Hansen, B.B. and Klopfer, S.O. (2006) Optimal full matching and
 related designs via network flows, JCGS 15 609-627.

optmatch is available on CRAN:

> install.packages("optmatch")
> library("optmatch")

Choice of solvers

There are two different packages implementing the actual solver which can be used.

  • The default, starting in 0.10.0, is the LEMON graph library’s Min Cost Flow solver, implemented in the rlemon package.
  • In previous versions, the default was the RELAX-IV solver, which is now implemented in the rrelaxiv package.

Users wishing to utilize the RELAX-IV solver must install rrelaxiv separately, see that page for details. Once installed, RELAX-IV becomes the default solver.

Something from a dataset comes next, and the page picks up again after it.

(* Let $\mathcal X,\mathcal Y$ be nonempty convex compact sets and $\mathcal L:\mathcal X\times\mathcal Y\to\mathbb R$ a differentiable, uniformly strongly convex-concave function with saddle point $(x^*,y^* )$, and let $z=(x,y)\in\mathcal X\times\mathcal Y$. (I) If $(x^*,y^* )$ lies in the relative interior of $\mathcal X\times\mathcal Y$ and $\mu^{int}_{\mathcal L}>0$ (with reference point $(x^*,y^* )$), then $w(z)\le\frac{(g^{FW}(z))^2}{2\mu^{int}_{\mathcal L}}$. (P) If $\mathcal X=\mathrm{conv}(\mathcal A)$, $\mathcal Y=\mathrm{conv}(\mathcal B)$ with $\mathcal A,\mathcal B$ finite and $\mu^A_{\mathcal L}>0$, then for any active set expansion of $z$, $w(z)\le h(z)\le\frac{(g^{PFW}(z))^2}{2\mu^A_{\mathcal L}}$, where $g^{PFW}(z)$ is computed with respect to that expansion.
   Context: Convex-concave: $\mathcal L(\cdot,y)$ convex, $\mathcal L(x,\cdot)$ concave. Uniformly strongly convex-concave: there are $\mu_{\mathcal X},\mu_{\mathcal Y}>0$ with $\mathcal L(\cdot,y)$ $\mu_{\mathcal X}$-strongly convex for every $y$ and $-\mathcal L(x,\cdot)$ $\mu_{\mathcal Y}$-strongly convex for every $x$. Saddle point: $\mathcal L(x^*,y)\le\mathcal L(x^*,y^* )\le\mathcal L(x,y^* )$ for all $x,y$. For $z=(x,y)$: $r(z):=(\nabla_x\mathcal L(z),-\nabla_y\mathcal L(z))$, $h(z):=\max_{y'}\mathcal L(x,y')-\min_{x'}\mathcal L(x',y)$, $w(z):=\mathcal L(x,y^* )-\mathcal L(x^*,y)$, $s(z)\in\arg\min_{s\in\mathcal X\times\mathcal Y}\langle s,r(z)\rangle$, $g^{FW}(z):=\langle z-s(z),r(z)\rangle$. Active set expansion: weights $\alpha>0$ on $S_x\subseteq\mathcal A$ and on $S_y\subseteq\mathcal B$, each summing to one, with $x=\sum_{v\in S_x}\alpha_vv$, $y=\sum_{v\in S_y}\alpha_vv$; then $v\in\arg\max_{v\in S_x\times S_y}\langle r(z),v\rangle$ and $g^{PFW}(z):=\langle v-s(z),r(z)\rangle$. $\mathcal F:=\{\mathcal L(\cdot,y):y\in\mathcal Y\}$, $\mathcal G:=\{-\mathcal L(x,\cdot):x\in\mathcal X\}$. Interior strong convexity of $f$ on $\mathcal K$ w.r.t. $x_c$ in its relative interior: $\mu_f^{x_c}:=\inf\frac2{\gamma^2}(f(u)-f(x)-\langle u-x,\nabla f(x)\rangle)$ over $x\in\mathcal K\setminus\{x_c\}$, $\gamma\in(0,1]$, $u=x+\gamma(s-x)$ where $s$ is where the ray from $x$ through $x_c$ meets the relative boundary of $\mathcal K$; $\mu^{int}_{\mathcal L}:=\min\{\inf_{f\in\mathcal F}\mu_f^{x^*},\inf_{g\in\mathcal G}\mu_g^{y^*}\}$. Geometric strong convexity of $f$ on $\mathcal K=\mathrm{conv}(\mathcal A)$: for $x\in\mathcal K$, $\mathcal S_x$ = family of $S\subseteq\mathcal A$ such that $x$ is a convex combination of all elements of $S$ with positive coefficients, $v_S(x)\in\arg\max_{v\in S}\langle\nabla f(x),v\rangle$, $v_f(x)\in\arg\min\{\langle\nabla f(x),v\rangle:v=v_S(x),S\in\mathcal S_x\}$, $s_f(x)\in\arg\min_{v\in\mathcal A}\langle\nabla f(x),v\rangle$, $\gamma^A(x,x'):=\frac{\langle-\nabla f(x),x'-x\rangle}{\langle-\nabla f(x),s_f(x)-v_f(x)\rangle}$, $\mu^A_f:=\inf_{x\in\mathcal K}\inf_{x':\langle\nabla f(x),x'-x\rangle<0}\frac2{\gamma^A(x,x')^2}(f(x')-f(x)-\langle x'-x,\nabla f(x)\rangle)$; $\mu^A_{\mathcal L}:=\min\{\inf_{f\in\mathcal F}\mu^A_f\text{ (over }\mathcal A),\inf_{g\in\mathcal G}\mu^A_g\text{ (over }\mathcal B)\}$. *)

theory Defs
  imports "HOL-Analysis.Analysis"
begin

The LEMON solver has four separate algorithms implemented, Cycle Cancelling (the default), Network Simplex, Cost Scaling, and Capacity Scaling. Each has its own trade-offs and performance quirks. See help(fullmatch) for details of how to choose which is being used.

Using optmatch

In addition to the optimal full matching algorithm, the package contains useful functions for generating distance specifications, combining and editing distance specifications, and summarizing and displaying matches. This walk through shows how to use these tools in your matching workflow.

Simulated data

Before we start, let’s generate some simulated data. We will have two groups, the “treated” and “control” groups. Without our knowledge, nature assigned units from a pool into one of these two groups. The probability of being a treated unit depends on some covariates. In the vector Z, let a 1 denote treated units and 0 denote control units

set.seed(20120111) # set this to get the exact same answers as I do
n <- 26 # chosen so we can divide the alphabet in half
W <- data.frame(w1 = rbeta(n, 4, 2), w2 = rbinom(n, 1, p = .33))

# nature assigns to treatment
tmp <- numeric(n)
tmp[sample(1:n, prob = W$w1^(1 + W$w2), size = n/2)] <- 1
W$z <- tmp

# for convenience, let's give the treated units capital letter names
tmp <- character(n)
tmp[W$z == 1] <- LETTERS[1:(n/2)]
tmp[W$z == 0] <- letters[(26 - n/2 + 1):26]
rownames(W) <- tmp

As we can see with a simple table and plot, these groups are not balanced on the covariates, as they would be (in expectation) with a randomly assigned treatment.

table(W$w2, W$z)
library(lattice) ; densityplot(W$w1, groups = W$z)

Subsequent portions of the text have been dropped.